Furthermore, any data the experimenter has embedded in the header or imported from an external source can be readily merged with the data block column EEG time-series and this can be whatever heterogenous information the experimenter deems useful, from recording session parameters and free-form experimenter notes to electrode locations, pre- and post-test scores, biomarkers, demographics, artifact screening criteria, etc., etc.. The JSON header format allows ready access to whatever information is traveling with the EEG data in the data block but does not require any particular header fields or content beyond the column index. Likewise the external data import also allows easy access to heterogenous information without requiring any of it. This flexibility allows the experimenter to smoothly marry the sampled EEG data to whatever sorts of experimental variables are useful for whatever sort of analysis is needed to answer research question.
In sum, the mkh5
approach is to define a simple, consistent
structure that is extensible in simple, consistent ways. The flexible
data blocks and headers can stretch as needed to accommodate very
different experimental designs and analyses while the consistent
format streamlines the development of what must inevitably be
semi-custom analysis pipelines.
mkpy
overview
Although originally designed as a data interchange format for Kutas lab
binary ERPSS .crw
and .log
files, the file format is
unopinionated and EEG data from any system could be stored as mkh5.

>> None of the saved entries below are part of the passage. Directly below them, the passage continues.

text \<open>The point reflection \<open>p \<mapsto> b + f - p\<close> maps the parallelogram spanned by \<open>b - a\<close> and
  \<open>f - a\<close> onto itself and exchanges its two halves, one of which is the triangle \<open>a b f\<close>.\<close>

lemma card_lattice_triangle_ge:
  fixes a b f :: pt and g m :: int
  defines "g \<equiv> gcd (fst (b - a)) (snd (b - a))"
  assumes "a \<noteq> b" and apex: "outd a b f = m * g" and "m \<ge> 1" and "finite T"
    and T: "T = {p. 0 < outd a b p \<and> outd a b p < m * g \<and> outd a f p \<le> 0 \<and> outd f b p \<le> 0}"
  shows "(m - 1) * g \<le> 2 * int (card T)"
proof -
  define reflect where "reflect p = (fst b + fst f - fst p, snd b + snd f - snd p)" for p :: pt
  have reflect_level: "outd a b (reflect p) = m * g - outd a b p"
    and reflect_side: "outd a f (reflect p) = - (m * g) - outd a f p" for p
    using apex by (simp_all add: outd_eq reflect_def algebra_simps)
  have "{p. 0 < outd a b p \<and> outd a b p < m * g \<and> - (m * g) \<le> outd a f p \<and> outd a f p \<le> 0}
      \<subseteq> T \<union> reflect ` T"
  proof safe
    fix p assume p: "0 < outd a b p" "outd a b p < m * g" "- (m * g) \<le> outd a f p" "outd a f p \<le> 0"
      and "p \<notin> reflect ` T"
    moreover have "reflect (reflect p) = p"
      by (simp add: reflect_def)
    ultimately have "reflect p \<notin> T"
      by (metis image_eqI)
    then show "p \<in> T"
      using p apex outd_via_apex[of f b p a] outd_via_apex[of f b "reflect p" a]
      unfolding T by (simp add: reflect_level reflect_side mult.commute)
  qed
  then have "(m - 1) * g \<le> int (card (T \<union> reflect ` T))"
    using \<open>finite T\<close> by (intro card_parallelogram_ge[OF \<open>a \<noteq> b\<close> apex[unfolded g_def] \<open>m \<ge> 1\<close>,
        folded g_def]) simp_all
  also have "card (T \<union> reflect ` T) \<le> card T + card (reflect ` T)"
    by (rule card_Un_le)
  also have "card (reflect ` T) \<le> card T"
    using \<open>finite T\<close> by (rule card_image_le)
  finally show ?thesis
    by linarith
qed
(* Let $d\ge1$, $a$, $b$ be integers and $x_0$ a real number. If for every $x\le x_0$ $$\pi(x;d,a)\ge\pi(x;d,b)\qquad\text{and}\qquad\sum_{\substack{1<p^r\le x\\ p\equiv a\ (\mathrm{mod}\ d)}}\log p\ge\sum_{\substack{1<p^r\le x\\ p\equiv b\ (\mathrm{mod}\ d)}}\log p,$$ then $\lambda_{d,a}(x)\ge\lambda_{d,b}(x)$ for every $x\le x_0$.
   Context: $p$ runs over primes and $r$ over positive integers. $\pi(x;d,a)$ is the number of primes $p\le x$ with $p\equiv a\pmod d$. Let $S_{d,a}$ be the set of positive integers all of whose prime divisors $p$ satisfy $p\equiv a\pmod d$ (including $1$), and $\lambda_{d,a}(x)=\sum_{n\le x,\ n\in S_{d,a}}\log n$ (in the paper $\lambda_{g_{d,a}}(x)$, with $g_{d,a}$ the indicator of $S_{d,a}$). *)

theory Defs
  imports "HOL-Analysis.Analysis" "HOL-Number_Theory.Number_Theory"
begin

definition prime_count_ap :: "int \<Rightarrow> int \<Rightarrow> real \<Rightarrow> nat" where
  "prime_count_ap d a x = card {p::nat. prime p \<and> real p \<le> x \<and> [int p = a] (mod d)}"

definition psi_ap :: "int \<Rightarrow> int \<Rightarrow> real \<Rightarrow> real" where
  "psi_ap d a x = (\<Sum>(p, r) \<in> {(p::nat, r::nat). prime p \<and> r \<ge> 1 \<and> real (p ^ r) \<le> x
        \<and> [int p = a] (mod d)}. ln (real p))"

definition S_ap :: "int \<Rightarrow> int \<Rightarrow> nat set" where
  "S_ap d a = {n::nat. n \<ge> 1 \<and> (\<forall>p. prime p \<longrightarrow> p dvd n \<longrightarrow> [int p = a] (mod d))}"

definition lambda_ap :: "int \<Rightarrow> int \<Rightarrow> real \<Rightarrow> real" where
  "lambda_ap d a x = (\<Sum>n \<in> {n. n \<in> S_ap d a \<and> real n \<le> x}. ln (real n))"
lemma least_path_prefix:
  assumes pq: "least_path G u w (p @ tl q)"
    and p: "path_from_to G u v p" and q: "path_from_to G v w q"
  shows "least_path G u v p"
  unfolding least_path_def
proof (intro conjI allI impI notI p)
  fix r assume r: "path_from_to G u v r" and rp: "shortlex_less G r p"
  from rp have "shortlex_less G (r @ tl q) (p @ tl q)" by (rule shortlex_less_append)
  moreover have "path_from_to G u w (r @ tl q)" using r q by (rule path_from_to_join)
  ultimately show False using pq unfolding least_path_def by blast
qed

lemma least_path_suffix:
  assumes pq: "least_path G u w (p @ tl q)"
    and p: "path_from_to G u v p" and q: "path_from_to G v w q"
  shows "least_path G v w q"
  unfolding least_path_def
proof (intro conjI allI impI notI q)
  fix r assume r: "path_from_to G v w r" and rq: "shortlex_less G r q"
  have "last p = hd r" using p r by (simp add: path_from_to_def)
  with rq have "shortlex_less G (p @ tl r) (p @ tl q)"
    using shortlex_less_join_left path_from_to_not_Nil[OF p] path_from_to_not_Nil[OF q]
      path_from_to_not_Nil[OF r] by blast
  moreover have "path_from_to G u w (p @ tl r)" using p r by (rule path_from_to_join)
  ultimately show False using pq unfolding least_path_def by blast
qed

lemma min_s_take:
  assumes wf: "wf_eograph G" and p: "least_path G u v p" and k: "k < length p"
  shows "min_s G u (p ! k) = take (Suc k) p"
proof -
  have "path_from_to G u v p" using p unfolding least_path_def by blast
  with k have "least_path G u (p ! k) (take (Suc k) p)"
    using least_path_prefix p path_from_to_split by metis
  then show ?thesis by (rule min_s_eqI[OF wf])
qed

lemma min_s_self:
  assumes wf: "wf_eograph G" and v: "v \<in> verts G"
  shows "min_s G v v = [v]"
proof (rule min_s_eqI[OF wf])
  have "\<not> shortlex_less G q [v]" if "path_from_to G v v q" for q
    using that by (cases q) (auto simp: shortlex_less_iff path_from_to_def elim: branch_lessE)
  then show "least_path G v v [v]" using v by (simp add: least_path_def path_from_to_def)
qed

section \<open>The tree of least paths\<close>

lemma least_path_root_min_s:
  "fingraph_obj G \<Longrightarrow> v \<in> verts G \<Longrightarrow> least_path G (root G) v (min_s G (root G) v)"
  using least_path_min_s[of G "root G" v] by (simp add: fingraph_obj_def connected_graph_def)

lemma fingraph_obj_if_finarb_obj: "finarb_obj A \<Longrightarrow> fingraph_obj A"
  unfolding finarb_obj_def fingraph_obj_def arborescence_def connected_graph_def reachable_def
  by (meson ex1_implies_ex)

lemma shortlex_hom_min_s_root:
  assumes G: "fingraph_obj G" and h: "shortlex_hom G H h" and v: "v \<in> verts G"
  shows "map h (min_s G (root G) v) = min_s H (root H) (h v)"
proof -
  have wf: "wf_eograph G" using G by (simp add: fingraph_obj_def)
  then have "root G \<in> verts G" by (simp add: wf_eograph_def)
  moreover have "reachable G (root G) v"
    using G v by (simp add: fingraph_obj_def connected_graph_def)
  moreover have "h (root G) = root H"
    using h graph_hom_root[OF wf] unfolding shortlex_hom_def by blast
  ultimately show ?thesis using h v unfolding shortlex_hom_def by metis
qed

lemma S_obj_simps [simp]:
  "verts (S_obj G) = verts G" "edges (S_obj G) = S_edges G" "root (S_obj G) = root G"
  "eord (S_obj G) u a b \<longleftrightarrow> eord G u a b \<and> (u, a) \<in> S_edges G \<and> (u, b) \<in> S_edges G"
  unfolding S_obj_def by simp_all

lemma S_edges_iff:
  assumes G: "fingraph_obj G"
  shows "(u, v) \<in> S_edges G \<longleftrightarrow>
    u \<in> verts G \<and> v \<in> verts G \<and> min_s G (root G) v = min_s G (root G) u @ [v]"
proof
  have wf: "wf_eograph G" using G unfolding fingraph_obj_def by blast
  assume "(u, v) \<in> S_edges G"
  then obtain i where v: "v \<in> verts G" and i: "Suc i < length (min_s G (root G) v)"
    "min_s G (root G) v ! i = u" "min_s G (root G) v ! Suc i = v"
    by (auto simp: S_edges_def)
  define m where "m = min_s G (root G) v"
  have m: "least_path G (root G) v m" unfolding m_def using least_path_root_min_s[OF G v] .
  have "m = take (Suc (Suc i)) m" using min_s_take[OF wf m, of "Suc i"] i by (simp add: m_def)
  also have "\<dots> = take (Suc i) m @ [v]" using i by (simp add: m_def take_Suc_conv_app_nth)
  also have "take (Suc i) m = min_s G (root G) u"
    using min_s_take[OF wf m, of i] i by (simp add: m_def)
  finally have "min_s G (root G) v = min_s G (root G) u @ [v]" by (simp add: m_def)
  moreover have "u \<in> set m" using i by (metis Suc_lessD m_def nth_mem)
  then have "u \<in> verts G" using m by (auto simp: least_path_def path_from_to_def is_path_def)
  ultimately show "u \<in> verts G \<and> v \<in> verts G \<and> min_s G (root G) v = min_s G (root G) u @ [v]"
    using v by blast
next
  assume uv: "u \<in> verts G \<and> v \<in> verts G \<and> min_s G (root G) v = min_s G (root G) u @ [v]"
  define P where "P = min_s G (root G) u"
  have "path_from_to G (root G) u P"
    using least_path_root_min_s[OF G] uv unfolding P_def least_path_def by blast
  then have "P \<noteq> []" "last P = u" by (auto simp: path_from_to_def)
  then have "Suc (length P - 1) < length (P @ [v]) \<and> (P @ [v]) ! (length P - 1) = u \<and>
      (P @ [v]) ! Suc (length P - 1) = v"
    by (simp add: nth_append last_conv_nth)
  moreover have "min_s G (root G) v = P @ [v]" using uv P_def by simp
  ultimately show "(u, v) \<in> S_edges G" using uv unfolding S_edges_def by auto
qed
(* In the setup of the context, let $B=(b_i)_{i=1}^n$ and $B'=(b'_i)_{i=1}^n$ be two $\ast$-symmetric bases of $H$ with $b'_i=\sum_jA_{ij}b_j$, and let $J$, $J'$ be the asymptotic algebras built from $B$ and $B'$ (bases $(t_i)$, $(t'_i)$, traces $\bar\tau,\bar\tau'$). Then $A\in O_n(\mathcal O)$, and the $F$-linear map $\alpha:J\to J'$, $\alpha(t_x):=\sum_i\bar A_{ix}t'_i$ (with $\bar A$ the reduction of $A$ modulo $\mathfrak m$) satisfies: (a) $\alpha$ is an isomorphism of $F$-algebras; (b) $\bar\tau'\circ\alpha=\bar\tau$; (c) $\alpha(u^\ast)=\alpha(u)^\ast$ for all $u\in J$.
   Context: Setup: $\Gamma$ totally ordered abelian group; $K$ field with surjective valuation $\nu$, valuation ring $\mathcal O$, maximal ideal $\mathfrak m$, formally real residue field $F$. $H$ finite-dimensional split semisimple symmetric $K$-algebra with trace form $\tau$ and $K$-linear involutive antiautomorphism $\ast$; a $\ast$-symmetric basis is a basis $B$ with $B^\ast=B$ and $\tau(bc^\ast)=\delta_{bc}$. With $\Lambda$, $\chi_\lambda$, $c_\lambda$ ($\tau=\sum c_\lambda^{-1}\chi_\lambda$), $a_\lambda=-\tfrac12\nu(c_\lambda)\in\Gamma$, a fixed homomorphism $\gamma\mapsto v^\gamma$ from $\langle a_\lambda\rangle$ to $K^\times$ with $\nu(v^\gamma)=\gamma$, $f_\lambda=v^{2a_\lambda}c_\lambda$, and balanced representations $\rho_\lambda$ (irreducible of type $\lambda$ with $\nu(\rho_\lambda(b))\ge-a_\lambda$ on every $\ast$-symmetric basis) with leading coefficients $c^\lambda(x)=v^{a_\lambda}\rho_\lambda(x)\bmod\mathfrak m$, the asymptotic algebra of a $\ast$-symmetric basis $B$ is the $F$-algebra $J$ with basis $(t_x)_{x\in B}$, product $t_xt_y=\sum_z\gamma_{x,y,z}t_{z^\ast}$ where $\gamma_{x,y,z}=\sum_\lambda\sum_{\mathfrak{s,t,u}}f_\lambda^{-1}c^\lambda(x)_{\mathfrak{st}}c^\lambda(y)_{\mathfrak{tu}}c^\lambda(z)_{\mathfrak{us}}$, trace form $\bar\tau(t_x)=n_x:=\sum_\lambda\sum_{\mathfrak s}f_\lambda^{-1}c^\lambda(x^\ast)_{\mathfrak{ss}}$, and involution $t_x^\ast=t_{x^\ast}$. *)

theory Defs
  imports Main "Jordan_Normal_Form.Matrix"
begin

text \<open>A valuation is modelled as a function on the nonzero elements of the field;
  its value at 0 is irrelevant (conventionally infinity).
  valge nu x g means nu(x) >= g, with nu(0) = infinity.\<close>

definition valge :: "('k::field \<Rightarrow> 'g::linordered_ab_group_add) \<Rightarrow> 'k \<Rightarrow> 'g \<Rightarrow> bool" where
  "valge \<nu> x g \<longleftrightarrow> x = 0 \<or> g \<le> \<nu> x"

definition surj_valuation :: "('k::field \<Rightarrow> 'g::linordered_ab_group_add) \<Rightarrow> bool" where
  "surj_valuation \<nu> \<longleftrightarrow>
     (\<forall>x y. x \<noteq> 0 \<longrightarrow> y \<noteq> 0 \<longrightarrow> \<nu> (x * y) = \<nu> x + \<nu> y) \<and>
     (\<forall>x y. x \<noteq> 0 \<longrightarrow> y \<noteq> 0 \<longrightarrow> x + y \<noteq> 0 \<longrightarrow> min (\<nu> x) (\<nu> y) \<le> \<nu> (x + y)) \<and>
     (\<forall>g. \<exists>x. x \<noteq> 0 \<and> \<nu> x = g)"

definition val_ring :: "('k::field \<Rightarrow> 'g::linordered_ab_group_add) \<Rightarrow> 'k set" where
  "val_ring \<nu> = {x. valge \<nu> x 0}"

definition val_ideal :: "('k::field \<Rightarrow> 'g::linordered_ab_group_add) \<Rightarrow> 'k set" where
  "val_ideal \<nu> = {x. x = 0 \<or> 0 < \<nu> x}"

text \<open>pi is the reduction map O -> F = O/m: a surjective ring homomorphism on O with
  kernel m (values outside O are irrelevant).\<close>

definition residue_map :: "('k::field \<Rightarrow> 'g::linordered_ab_group_add) \<Rightarrow> ('k \<Rightarrow> 'f::field) \<Rightarrow> bool" where
  "residue_map \<nu> \<pi> \<longleftrightarrow>
     (\<forall>x\<in>val_ring \<nu>. \<forall>y\<in>val_ring \<nu>. \<pi> (x + y) = \<pi> x + \<pi> y \<and> \<pi> (x * y) = \<pi> x * \<pi> y) \<and>
     \<pi> 1 = 1 \<and> \<pi> ` val_ring \<nu> = UNIV \<and>
     (\<forall>x\<in>val_ring \<nu>. \<pi> x = 0 \<longleftrightarrow> x \<in> val_ideal \<nu>)"

definition formally_real :: "'f::field itself \<Rightarrow> bool" where
  "formally_real _ \<longleftrightarrow> (\<forall>xs :: 'f list. sum_list (map (\<lambda>x. x ^ 2) xs) \<noteq> -1)"

inductive_set gen_subgroup :: "'g::ab_group_add set \<Rightarrow> 'g set" for S where
  zero: "0 \<in> gen_subgroup S"
| gen: "x \<in> S \<Longrightarrow> x \<in> gen_subgroup S"
| add: "x \<in> gen_subgroup S \<Longrightarrow> y \<in> gen_subgroup S \<Longrightarrow> x + y \<in> gen_subgroup S"
| neg: "x \<in> gen_subgroup S \<Longrightarrow> - x \<in> gen_subgroup S"

definition K_algebra :: "('k::field \<Rightarrow> 'h::ring_1 \<Rightarrow> 'h) \<Rightarrow> bool" where
  "K_algebra sc \<longleftrightarrow> vector_space sc \<and>
     (\<forall>a x y. sc a (x * y) = sc a x * y \<and> sc a (x * y) = x * sc a y)"

definition is_basis :: "('k::field \<Rightarrow> 'h::ring_1 \<Rightarrow> 'h) \<Rightarrow> (nat \<Rightarrow> 'h) \<Rightarrow> nat \<Rightarrow> bool" where
  "is_basis sc b n \<longleftrightarrow> inj_on b {..<n} \<and> \<not> module.dependent sc (b ` {..<n}) \<and>
     module.span sc (b ` {..<n}) = UNIV"

definition fin_dim :: "('k::field \<Rightarrow> 'h::ring_1 \<Rightarrow> 'h) \<Rightarrow> bool" where
  "fin_dim sc \<longleftrightarrow> (\<exists>b n. is_basis sc b n)"

definition is_rep :: "('k::field \<Rightarrow> 'h::ring_1 \<Rightarrow> 'h) \<Rightarrow> nat \<Rightarrow> ('h \<Rightarrow> 'k mat) \<Rightarrow> bool" where
  "is_rep sc d \<rho> \<longleftrightarrow> (\<forall>x. \<rho> x \<in> carrier_mat d d) \<and> \<rho> 1 = 1\<^sub>m d \<and>
     (\<forall>x y. \<rho> (x * y) = \<rho> x * \<rho> y) \<and> (\<forall>x y. \<rho> (x + y) = \<rho> x + \<rho> y) \<and>
     (\<forall>a x. \<rho> (sc a x) = a \<cdot>\<^sub>m \<rho> x)"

In addition to database-like operations to create, update, and retrieve
mkh5
format HDF5 files, the mkpy
package provides utilities for
visualizing and screening continuous and epoched EEG data
(pygarv
), for tagging EEG data with experimental variables of
interest from the header and external data sources, and for exporting
single trial epochs is various data interchange formats for convenient
analysis.
mkh5
EEG data (floating point), timestamps (unsigned int), event codes (ints), trigger lines, position sensor data, etc.., values change from sample to sample. These and other such data streams go in the tabular data block columns. Subject information, apparatus settings, etc. don’t change from sample to sample. That goes in the header.
pygarv/mkh5viewer
EEG artifact screening tests are stored on disk in human and machine-readable YAML. When the tests are applied, pass-fail results are logged in a datablock column so it travels with the data from then on. The tests and parameters themselves are stored in the datablock header. Tests can be viewed and edited interactively.
codetagger
Arbitrary experimental design factors and levels are pulled from the header and/or imported from external YAML, Excel .xlsx, or tab-separated text and anchored to pattern-matched time-stamped integer event codes in the continuous EEG data before extracting single trial epochs and data reduction.
export_epochs
The tagged single-trial EEG data epochs can be exported in tabular format as HDF5, feather, or tab-separated text for downstream analysis.